● Saved entries:
=-=-=-=-=
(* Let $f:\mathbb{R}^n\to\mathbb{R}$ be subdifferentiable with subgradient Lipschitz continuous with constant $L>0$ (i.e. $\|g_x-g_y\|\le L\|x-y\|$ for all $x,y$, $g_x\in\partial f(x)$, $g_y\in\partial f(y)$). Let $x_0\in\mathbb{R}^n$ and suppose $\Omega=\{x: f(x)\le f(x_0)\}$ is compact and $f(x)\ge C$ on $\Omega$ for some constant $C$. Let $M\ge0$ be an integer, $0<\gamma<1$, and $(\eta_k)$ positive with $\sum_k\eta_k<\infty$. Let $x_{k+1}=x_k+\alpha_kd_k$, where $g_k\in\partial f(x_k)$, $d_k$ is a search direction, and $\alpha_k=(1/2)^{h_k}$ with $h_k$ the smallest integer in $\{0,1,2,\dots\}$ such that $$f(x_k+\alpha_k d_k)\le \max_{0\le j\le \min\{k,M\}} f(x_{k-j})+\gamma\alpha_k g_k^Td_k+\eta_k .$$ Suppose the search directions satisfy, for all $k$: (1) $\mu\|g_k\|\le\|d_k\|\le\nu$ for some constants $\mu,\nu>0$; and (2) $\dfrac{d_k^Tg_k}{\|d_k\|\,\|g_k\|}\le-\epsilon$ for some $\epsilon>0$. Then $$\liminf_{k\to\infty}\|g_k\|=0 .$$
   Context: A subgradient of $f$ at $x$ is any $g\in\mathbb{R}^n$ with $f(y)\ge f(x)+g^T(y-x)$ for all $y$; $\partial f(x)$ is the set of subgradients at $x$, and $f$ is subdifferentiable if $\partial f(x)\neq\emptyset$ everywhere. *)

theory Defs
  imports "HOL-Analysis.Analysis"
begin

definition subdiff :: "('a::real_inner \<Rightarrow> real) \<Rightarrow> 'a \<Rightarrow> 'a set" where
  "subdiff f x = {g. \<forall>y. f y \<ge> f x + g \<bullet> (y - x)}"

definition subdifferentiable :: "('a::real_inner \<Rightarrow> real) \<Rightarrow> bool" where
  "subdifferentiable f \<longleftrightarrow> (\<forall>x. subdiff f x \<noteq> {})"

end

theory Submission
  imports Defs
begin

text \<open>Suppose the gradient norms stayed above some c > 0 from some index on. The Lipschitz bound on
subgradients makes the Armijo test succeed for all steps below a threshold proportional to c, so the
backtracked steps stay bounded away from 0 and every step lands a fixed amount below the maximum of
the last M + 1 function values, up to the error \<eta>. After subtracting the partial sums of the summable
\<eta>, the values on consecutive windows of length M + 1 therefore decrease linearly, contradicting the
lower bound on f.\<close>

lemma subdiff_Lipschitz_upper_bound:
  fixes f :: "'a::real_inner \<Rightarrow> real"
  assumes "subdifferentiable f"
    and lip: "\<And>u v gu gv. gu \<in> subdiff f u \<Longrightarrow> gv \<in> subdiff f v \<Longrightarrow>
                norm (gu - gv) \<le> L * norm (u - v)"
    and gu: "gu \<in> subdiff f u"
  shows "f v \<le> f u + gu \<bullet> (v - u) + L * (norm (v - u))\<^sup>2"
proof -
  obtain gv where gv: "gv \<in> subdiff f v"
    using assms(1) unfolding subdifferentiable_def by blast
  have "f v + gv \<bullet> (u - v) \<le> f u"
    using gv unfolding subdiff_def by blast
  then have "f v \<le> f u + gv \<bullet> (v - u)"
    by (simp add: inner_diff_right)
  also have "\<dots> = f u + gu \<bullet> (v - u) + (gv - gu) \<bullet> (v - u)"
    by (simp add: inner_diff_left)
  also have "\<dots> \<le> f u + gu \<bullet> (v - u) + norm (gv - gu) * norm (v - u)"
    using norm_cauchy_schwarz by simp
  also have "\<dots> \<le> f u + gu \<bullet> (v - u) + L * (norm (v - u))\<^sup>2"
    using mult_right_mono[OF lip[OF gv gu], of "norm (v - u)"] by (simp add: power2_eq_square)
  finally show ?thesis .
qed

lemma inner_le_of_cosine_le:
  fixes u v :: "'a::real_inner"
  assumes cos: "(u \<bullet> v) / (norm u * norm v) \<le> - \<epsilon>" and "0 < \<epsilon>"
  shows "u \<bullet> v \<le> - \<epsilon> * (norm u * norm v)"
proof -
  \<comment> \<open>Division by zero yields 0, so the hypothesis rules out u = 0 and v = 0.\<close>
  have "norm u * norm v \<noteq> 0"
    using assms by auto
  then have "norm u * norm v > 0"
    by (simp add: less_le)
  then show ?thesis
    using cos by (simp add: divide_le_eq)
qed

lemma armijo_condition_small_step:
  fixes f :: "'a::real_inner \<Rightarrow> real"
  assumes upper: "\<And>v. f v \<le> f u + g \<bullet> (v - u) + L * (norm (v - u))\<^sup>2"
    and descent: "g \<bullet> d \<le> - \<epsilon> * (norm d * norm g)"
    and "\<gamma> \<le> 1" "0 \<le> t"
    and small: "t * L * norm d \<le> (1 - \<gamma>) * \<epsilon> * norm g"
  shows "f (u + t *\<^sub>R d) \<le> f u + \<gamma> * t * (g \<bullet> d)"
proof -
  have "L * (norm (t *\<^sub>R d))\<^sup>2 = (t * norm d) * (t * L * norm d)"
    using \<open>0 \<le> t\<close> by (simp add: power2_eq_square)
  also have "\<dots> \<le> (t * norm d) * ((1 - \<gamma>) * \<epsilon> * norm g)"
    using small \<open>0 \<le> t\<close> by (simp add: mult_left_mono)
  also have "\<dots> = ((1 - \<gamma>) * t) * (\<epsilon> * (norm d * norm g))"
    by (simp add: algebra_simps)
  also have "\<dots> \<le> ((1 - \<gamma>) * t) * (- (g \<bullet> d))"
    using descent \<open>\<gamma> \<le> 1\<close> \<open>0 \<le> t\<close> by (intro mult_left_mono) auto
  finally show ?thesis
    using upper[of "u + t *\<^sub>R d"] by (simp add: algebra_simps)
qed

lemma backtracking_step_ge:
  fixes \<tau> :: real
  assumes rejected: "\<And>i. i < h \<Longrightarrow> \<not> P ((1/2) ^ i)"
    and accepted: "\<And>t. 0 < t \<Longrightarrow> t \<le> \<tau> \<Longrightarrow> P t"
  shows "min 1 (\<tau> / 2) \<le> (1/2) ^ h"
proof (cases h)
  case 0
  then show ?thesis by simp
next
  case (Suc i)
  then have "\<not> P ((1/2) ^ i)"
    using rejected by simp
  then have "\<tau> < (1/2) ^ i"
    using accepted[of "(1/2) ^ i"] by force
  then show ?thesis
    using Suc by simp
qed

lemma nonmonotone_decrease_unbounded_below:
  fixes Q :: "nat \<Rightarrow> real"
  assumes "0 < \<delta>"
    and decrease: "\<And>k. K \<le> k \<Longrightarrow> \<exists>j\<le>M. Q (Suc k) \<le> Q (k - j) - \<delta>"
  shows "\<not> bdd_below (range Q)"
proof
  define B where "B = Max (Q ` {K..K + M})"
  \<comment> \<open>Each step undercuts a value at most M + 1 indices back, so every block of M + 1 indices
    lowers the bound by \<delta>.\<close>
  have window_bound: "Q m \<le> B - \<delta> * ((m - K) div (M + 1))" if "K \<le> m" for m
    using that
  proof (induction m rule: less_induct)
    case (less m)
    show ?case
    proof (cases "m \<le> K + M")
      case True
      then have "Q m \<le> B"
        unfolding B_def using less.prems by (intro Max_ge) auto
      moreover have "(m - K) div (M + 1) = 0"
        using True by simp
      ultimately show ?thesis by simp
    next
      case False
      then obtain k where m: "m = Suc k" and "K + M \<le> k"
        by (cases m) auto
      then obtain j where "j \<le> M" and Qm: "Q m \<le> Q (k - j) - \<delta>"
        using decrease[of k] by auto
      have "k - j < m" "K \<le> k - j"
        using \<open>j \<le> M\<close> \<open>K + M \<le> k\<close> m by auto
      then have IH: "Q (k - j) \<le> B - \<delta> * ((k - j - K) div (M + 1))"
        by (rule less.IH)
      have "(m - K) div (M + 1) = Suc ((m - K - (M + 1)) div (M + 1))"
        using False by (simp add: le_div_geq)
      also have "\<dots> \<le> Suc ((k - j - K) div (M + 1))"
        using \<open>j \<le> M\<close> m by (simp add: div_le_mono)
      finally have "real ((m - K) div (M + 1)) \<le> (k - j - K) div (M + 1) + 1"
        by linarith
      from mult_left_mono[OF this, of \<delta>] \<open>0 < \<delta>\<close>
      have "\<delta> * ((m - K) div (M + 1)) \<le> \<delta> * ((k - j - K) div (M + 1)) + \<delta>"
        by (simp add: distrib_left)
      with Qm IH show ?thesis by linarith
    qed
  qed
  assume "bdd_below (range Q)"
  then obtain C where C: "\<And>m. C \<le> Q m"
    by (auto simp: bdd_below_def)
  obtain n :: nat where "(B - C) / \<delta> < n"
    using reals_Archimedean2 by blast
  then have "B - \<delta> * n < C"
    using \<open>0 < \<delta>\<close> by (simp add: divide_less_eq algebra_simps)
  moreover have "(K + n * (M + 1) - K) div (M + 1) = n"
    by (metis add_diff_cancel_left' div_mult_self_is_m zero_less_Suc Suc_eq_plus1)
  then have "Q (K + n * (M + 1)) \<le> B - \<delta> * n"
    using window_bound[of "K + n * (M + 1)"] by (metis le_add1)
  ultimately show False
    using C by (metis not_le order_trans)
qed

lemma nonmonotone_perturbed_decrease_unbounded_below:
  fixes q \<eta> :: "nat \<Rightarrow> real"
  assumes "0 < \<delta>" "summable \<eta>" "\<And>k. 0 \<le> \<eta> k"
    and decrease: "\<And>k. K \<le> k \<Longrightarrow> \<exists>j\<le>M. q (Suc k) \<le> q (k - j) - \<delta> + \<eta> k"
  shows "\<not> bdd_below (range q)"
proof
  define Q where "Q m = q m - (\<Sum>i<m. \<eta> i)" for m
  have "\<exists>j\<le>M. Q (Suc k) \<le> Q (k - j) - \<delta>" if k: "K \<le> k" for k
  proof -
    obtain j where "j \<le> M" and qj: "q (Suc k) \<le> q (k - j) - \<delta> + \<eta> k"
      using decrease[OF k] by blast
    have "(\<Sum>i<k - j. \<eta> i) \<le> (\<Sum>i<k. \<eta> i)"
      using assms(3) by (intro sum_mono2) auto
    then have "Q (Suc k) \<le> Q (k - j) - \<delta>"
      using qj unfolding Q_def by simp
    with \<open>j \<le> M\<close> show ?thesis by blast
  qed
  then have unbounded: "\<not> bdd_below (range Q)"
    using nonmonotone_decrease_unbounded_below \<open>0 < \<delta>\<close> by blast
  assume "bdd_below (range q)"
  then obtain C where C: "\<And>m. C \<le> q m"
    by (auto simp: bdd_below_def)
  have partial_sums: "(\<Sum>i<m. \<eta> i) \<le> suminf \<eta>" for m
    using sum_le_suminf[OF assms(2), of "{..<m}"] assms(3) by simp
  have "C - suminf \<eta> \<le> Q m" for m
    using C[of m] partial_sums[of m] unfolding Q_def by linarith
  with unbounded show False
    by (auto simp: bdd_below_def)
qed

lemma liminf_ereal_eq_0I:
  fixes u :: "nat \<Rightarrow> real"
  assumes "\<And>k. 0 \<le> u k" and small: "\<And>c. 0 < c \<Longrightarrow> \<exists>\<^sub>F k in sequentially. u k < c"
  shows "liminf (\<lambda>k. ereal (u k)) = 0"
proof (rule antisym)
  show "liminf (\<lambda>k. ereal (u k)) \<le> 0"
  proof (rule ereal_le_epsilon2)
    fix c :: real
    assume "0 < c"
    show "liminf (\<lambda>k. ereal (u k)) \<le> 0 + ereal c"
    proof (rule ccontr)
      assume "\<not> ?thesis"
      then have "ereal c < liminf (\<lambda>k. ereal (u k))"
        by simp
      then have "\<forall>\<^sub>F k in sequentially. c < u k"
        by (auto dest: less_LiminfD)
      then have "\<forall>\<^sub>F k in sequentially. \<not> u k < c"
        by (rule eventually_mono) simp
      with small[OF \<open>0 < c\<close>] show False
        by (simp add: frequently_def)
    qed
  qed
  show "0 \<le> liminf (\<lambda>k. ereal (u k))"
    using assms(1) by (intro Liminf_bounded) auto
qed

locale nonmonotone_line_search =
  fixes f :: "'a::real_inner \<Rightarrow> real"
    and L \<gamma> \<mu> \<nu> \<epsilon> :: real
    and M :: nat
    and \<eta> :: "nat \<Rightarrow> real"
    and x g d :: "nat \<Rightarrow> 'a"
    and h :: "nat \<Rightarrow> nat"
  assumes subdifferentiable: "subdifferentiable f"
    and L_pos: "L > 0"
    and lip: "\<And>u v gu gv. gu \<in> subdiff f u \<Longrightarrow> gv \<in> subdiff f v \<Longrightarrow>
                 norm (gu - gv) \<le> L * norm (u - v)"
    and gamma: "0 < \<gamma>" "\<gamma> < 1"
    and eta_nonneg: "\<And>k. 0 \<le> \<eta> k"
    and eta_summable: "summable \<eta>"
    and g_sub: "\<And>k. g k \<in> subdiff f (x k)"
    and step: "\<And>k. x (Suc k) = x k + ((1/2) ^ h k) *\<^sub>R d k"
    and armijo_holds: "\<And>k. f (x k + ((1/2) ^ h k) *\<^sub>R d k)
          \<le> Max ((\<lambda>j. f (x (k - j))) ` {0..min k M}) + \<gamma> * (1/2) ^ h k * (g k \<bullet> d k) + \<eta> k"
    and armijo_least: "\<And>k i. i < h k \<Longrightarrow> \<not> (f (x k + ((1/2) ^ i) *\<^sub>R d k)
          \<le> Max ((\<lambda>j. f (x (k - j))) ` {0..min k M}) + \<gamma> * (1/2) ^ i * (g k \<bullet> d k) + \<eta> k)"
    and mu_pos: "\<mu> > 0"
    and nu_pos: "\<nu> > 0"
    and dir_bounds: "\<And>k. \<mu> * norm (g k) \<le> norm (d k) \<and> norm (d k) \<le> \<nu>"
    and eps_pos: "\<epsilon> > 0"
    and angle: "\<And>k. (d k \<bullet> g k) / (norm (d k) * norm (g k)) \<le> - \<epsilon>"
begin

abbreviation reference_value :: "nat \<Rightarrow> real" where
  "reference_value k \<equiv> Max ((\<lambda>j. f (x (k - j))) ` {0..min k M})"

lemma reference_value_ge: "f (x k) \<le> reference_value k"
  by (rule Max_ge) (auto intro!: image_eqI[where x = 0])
=-=-=-=-=
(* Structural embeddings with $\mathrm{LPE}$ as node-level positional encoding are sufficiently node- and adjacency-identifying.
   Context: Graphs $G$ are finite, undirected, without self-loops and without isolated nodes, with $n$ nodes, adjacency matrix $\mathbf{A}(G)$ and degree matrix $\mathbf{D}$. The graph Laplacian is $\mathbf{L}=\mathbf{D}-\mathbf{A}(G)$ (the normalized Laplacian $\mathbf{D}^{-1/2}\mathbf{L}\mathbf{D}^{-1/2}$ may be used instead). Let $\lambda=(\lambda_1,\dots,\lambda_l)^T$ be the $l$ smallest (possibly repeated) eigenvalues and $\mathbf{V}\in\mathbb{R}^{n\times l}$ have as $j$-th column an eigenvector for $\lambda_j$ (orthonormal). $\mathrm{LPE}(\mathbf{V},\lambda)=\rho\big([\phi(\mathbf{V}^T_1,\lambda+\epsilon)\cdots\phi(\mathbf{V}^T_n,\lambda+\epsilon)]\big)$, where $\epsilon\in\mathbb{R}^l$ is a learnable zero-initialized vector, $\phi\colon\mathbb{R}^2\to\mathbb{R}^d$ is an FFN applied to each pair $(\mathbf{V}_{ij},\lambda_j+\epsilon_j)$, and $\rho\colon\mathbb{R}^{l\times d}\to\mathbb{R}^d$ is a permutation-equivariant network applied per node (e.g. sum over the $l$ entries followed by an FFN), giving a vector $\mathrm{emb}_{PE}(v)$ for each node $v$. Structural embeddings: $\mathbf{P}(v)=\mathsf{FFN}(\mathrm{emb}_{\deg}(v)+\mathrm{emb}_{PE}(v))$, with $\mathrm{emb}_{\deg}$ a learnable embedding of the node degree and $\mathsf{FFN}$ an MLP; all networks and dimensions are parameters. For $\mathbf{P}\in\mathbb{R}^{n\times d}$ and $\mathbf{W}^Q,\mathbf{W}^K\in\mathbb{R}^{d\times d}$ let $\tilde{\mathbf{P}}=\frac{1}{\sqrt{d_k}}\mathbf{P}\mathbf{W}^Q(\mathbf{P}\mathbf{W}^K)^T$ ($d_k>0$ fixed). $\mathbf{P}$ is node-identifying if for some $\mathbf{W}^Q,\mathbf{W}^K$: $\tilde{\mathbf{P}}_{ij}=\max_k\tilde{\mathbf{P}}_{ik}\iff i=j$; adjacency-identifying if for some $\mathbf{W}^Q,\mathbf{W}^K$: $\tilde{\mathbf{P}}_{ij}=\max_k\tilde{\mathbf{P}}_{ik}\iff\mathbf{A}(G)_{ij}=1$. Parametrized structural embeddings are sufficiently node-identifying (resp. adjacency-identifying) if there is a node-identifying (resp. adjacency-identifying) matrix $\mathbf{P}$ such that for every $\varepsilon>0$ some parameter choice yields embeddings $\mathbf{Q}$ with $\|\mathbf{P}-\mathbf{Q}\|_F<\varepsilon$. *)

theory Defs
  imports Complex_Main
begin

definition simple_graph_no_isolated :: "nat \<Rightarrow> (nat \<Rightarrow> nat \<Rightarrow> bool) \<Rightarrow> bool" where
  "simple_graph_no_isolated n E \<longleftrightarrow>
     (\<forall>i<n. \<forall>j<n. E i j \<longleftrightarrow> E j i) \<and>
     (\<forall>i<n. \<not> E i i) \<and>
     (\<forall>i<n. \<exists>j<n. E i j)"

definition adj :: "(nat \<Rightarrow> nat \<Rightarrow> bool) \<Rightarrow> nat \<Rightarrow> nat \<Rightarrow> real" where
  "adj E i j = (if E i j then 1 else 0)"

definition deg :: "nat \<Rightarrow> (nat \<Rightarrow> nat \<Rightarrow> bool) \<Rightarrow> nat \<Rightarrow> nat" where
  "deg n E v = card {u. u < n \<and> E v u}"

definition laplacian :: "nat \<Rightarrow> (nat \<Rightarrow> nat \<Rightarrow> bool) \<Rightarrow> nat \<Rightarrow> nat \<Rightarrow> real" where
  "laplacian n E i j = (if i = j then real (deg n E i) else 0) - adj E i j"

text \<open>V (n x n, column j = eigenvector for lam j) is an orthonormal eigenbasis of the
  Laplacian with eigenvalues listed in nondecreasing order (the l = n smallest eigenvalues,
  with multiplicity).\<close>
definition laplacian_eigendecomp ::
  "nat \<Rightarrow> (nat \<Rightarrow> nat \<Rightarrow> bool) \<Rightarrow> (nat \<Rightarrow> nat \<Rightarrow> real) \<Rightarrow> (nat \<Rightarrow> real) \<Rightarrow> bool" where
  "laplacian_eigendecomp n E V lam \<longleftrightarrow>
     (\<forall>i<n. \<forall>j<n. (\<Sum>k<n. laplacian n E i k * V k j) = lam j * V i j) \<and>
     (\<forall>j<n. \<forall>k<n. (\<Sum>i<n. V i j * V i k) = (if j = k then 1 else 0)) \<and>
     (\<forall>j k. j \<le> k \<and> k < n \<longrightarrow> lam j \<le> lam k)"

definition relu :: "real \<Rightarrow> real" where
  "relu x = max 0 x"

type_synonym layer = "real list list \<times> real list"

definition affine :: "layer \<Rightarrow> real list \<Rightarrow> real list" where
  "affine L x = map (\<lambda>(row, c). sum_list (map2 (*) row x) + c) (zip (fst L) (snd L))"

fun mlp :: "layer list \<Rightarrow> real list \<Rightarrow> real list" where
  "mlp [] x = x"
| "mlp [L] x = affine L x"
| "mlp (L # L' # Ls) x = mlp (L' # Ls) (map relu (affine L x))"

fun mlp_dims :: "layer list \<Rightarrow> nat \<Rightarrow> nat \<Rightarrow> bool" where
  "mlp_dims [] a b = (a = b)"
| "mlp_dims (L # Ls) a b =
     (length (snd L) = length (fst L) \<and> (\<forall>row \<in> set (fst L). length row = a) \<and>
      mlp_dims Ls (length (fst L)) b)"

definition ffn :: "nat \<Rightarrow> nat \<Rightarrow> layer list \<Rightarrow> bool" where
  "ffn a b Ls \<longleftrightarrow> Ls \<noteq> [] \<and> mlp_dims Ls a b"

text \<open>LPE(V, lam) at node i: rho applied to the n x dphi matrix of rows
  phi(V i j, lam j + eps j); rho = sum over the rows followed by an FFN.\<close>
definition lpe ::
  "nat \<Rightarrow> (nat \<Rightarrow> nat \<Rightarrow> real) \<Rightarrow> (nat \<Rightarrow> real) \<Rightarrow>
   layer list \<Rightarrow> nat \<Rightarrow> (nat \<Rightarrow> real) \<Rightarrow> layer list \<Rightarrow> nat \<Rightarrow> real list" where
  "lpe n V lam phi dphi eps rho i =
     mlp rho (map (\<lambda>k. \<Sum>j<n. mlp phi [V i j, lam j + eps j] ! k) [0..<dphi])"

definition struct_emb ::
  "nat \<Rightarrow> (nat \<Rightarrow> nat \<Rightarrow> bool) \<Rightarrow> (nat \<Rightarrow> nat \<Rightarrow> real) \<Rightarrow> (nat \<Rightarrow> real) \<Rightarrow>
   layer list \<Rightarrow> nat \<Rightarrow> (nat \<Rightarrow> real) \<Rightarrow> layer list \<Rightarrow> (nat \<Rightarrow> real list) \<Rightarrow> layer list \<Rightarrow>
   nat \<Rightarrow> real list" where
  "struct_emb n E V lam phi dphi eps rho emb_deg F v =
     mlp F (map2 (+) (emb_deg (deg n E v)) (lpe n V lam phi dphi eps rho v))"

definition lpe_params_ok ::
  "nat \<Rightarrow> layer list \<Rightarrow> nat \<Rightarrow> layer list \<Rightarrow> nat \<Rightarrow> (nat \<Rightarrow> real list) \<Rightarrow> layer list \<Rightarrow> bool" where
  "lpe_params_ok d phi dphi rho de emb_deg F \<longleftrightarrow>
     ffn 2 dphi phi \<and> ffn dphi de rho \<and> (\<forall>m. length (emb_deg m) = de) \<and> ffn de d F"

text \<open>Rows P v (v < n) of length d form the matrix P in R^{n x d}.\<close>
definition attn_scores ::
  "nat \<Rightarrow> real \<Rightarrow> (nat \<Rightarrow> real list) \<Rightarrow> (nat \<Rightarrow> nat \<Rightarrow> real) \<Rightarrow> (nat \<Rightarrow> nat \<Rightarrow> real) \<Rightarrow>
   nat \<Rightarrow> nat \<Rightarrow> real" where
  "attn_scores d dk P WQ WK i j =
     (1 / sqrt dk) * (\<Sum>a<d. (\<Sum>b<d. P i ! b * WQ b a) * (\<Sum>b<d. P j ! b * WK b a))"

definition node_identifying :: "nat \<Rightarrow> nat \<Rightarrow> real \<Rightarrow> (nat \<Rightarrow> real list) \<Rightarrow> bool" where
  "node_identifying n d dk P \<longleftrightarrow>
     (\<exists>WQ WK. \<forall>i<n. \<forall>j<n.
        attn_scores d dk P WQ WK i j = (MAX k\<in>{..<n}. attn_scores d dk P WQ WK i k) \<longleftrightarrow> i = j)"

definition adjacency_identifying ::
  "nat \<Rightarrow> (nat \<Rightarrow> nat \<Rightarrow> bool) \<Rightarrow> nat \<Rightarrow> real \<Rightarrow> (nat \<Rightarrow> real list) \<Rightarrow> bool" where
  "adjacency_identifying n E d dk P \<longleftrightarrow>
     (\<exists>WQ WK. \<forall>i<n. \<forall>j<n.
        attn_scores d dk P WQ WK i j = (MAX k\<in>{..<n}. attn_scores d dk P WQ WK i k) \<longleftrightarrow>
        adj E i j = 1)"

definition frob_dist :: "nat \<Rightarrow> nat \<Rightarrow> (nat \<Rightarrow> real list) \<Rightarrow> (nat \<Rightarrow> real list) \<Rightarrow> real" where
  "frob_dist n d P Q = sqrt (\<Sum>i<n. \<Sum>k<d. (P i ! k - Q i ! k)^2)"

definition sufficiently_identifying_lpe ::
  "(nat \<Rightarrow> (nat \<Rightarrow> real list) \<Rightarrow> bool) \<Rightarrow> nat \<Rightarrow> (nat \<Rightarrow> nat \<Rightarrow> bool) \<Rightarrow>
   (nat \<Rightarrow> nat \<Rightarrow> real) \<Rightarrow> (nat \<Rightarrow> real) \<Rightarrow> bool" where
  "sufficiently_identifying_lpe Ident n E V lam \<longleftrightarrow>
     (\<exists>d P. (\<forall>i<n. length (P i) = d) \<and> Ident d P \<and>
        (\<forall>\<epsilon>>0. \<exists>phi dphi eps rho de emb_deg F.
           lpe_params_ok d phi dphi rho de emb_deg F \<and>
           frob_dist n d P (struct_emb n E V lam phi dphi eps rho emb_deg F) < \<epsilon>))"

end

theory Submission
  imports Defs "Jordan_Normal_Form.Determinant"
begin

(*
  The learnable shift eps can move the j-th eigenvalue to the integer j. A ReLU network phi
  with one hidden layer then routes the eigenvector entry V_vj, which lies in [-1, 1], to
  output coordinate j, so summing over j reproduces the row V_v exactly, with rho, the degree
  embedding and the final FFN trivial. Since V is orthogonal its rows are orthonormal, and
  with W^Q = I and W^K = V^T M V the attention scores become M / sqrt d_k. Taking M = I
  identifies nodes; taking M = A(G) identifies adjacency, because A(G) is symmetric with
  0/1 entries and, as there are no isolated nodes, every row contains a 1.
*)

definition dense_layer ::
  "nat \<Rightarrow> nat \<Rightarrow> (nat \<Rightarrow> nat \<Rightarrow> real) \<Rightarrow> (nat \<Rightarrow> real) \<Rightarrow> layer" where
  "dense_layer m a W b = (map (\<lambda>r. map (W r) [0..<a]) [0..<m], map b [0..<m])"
=-=-=-=-=
● Task objective:
Search the entries for "from" and show every line that has it.

● The completed task:
text \<open>Suppose the gradient norms stayed above some c > 0 from some index on. The Lipschitz bound on
backtracked steps stay bounded away from 0 and every step lands a fixed amount below the maximum of
      from mult_left_mono[OF this, of \<delta>] \<open>0 < \<delta>\<close>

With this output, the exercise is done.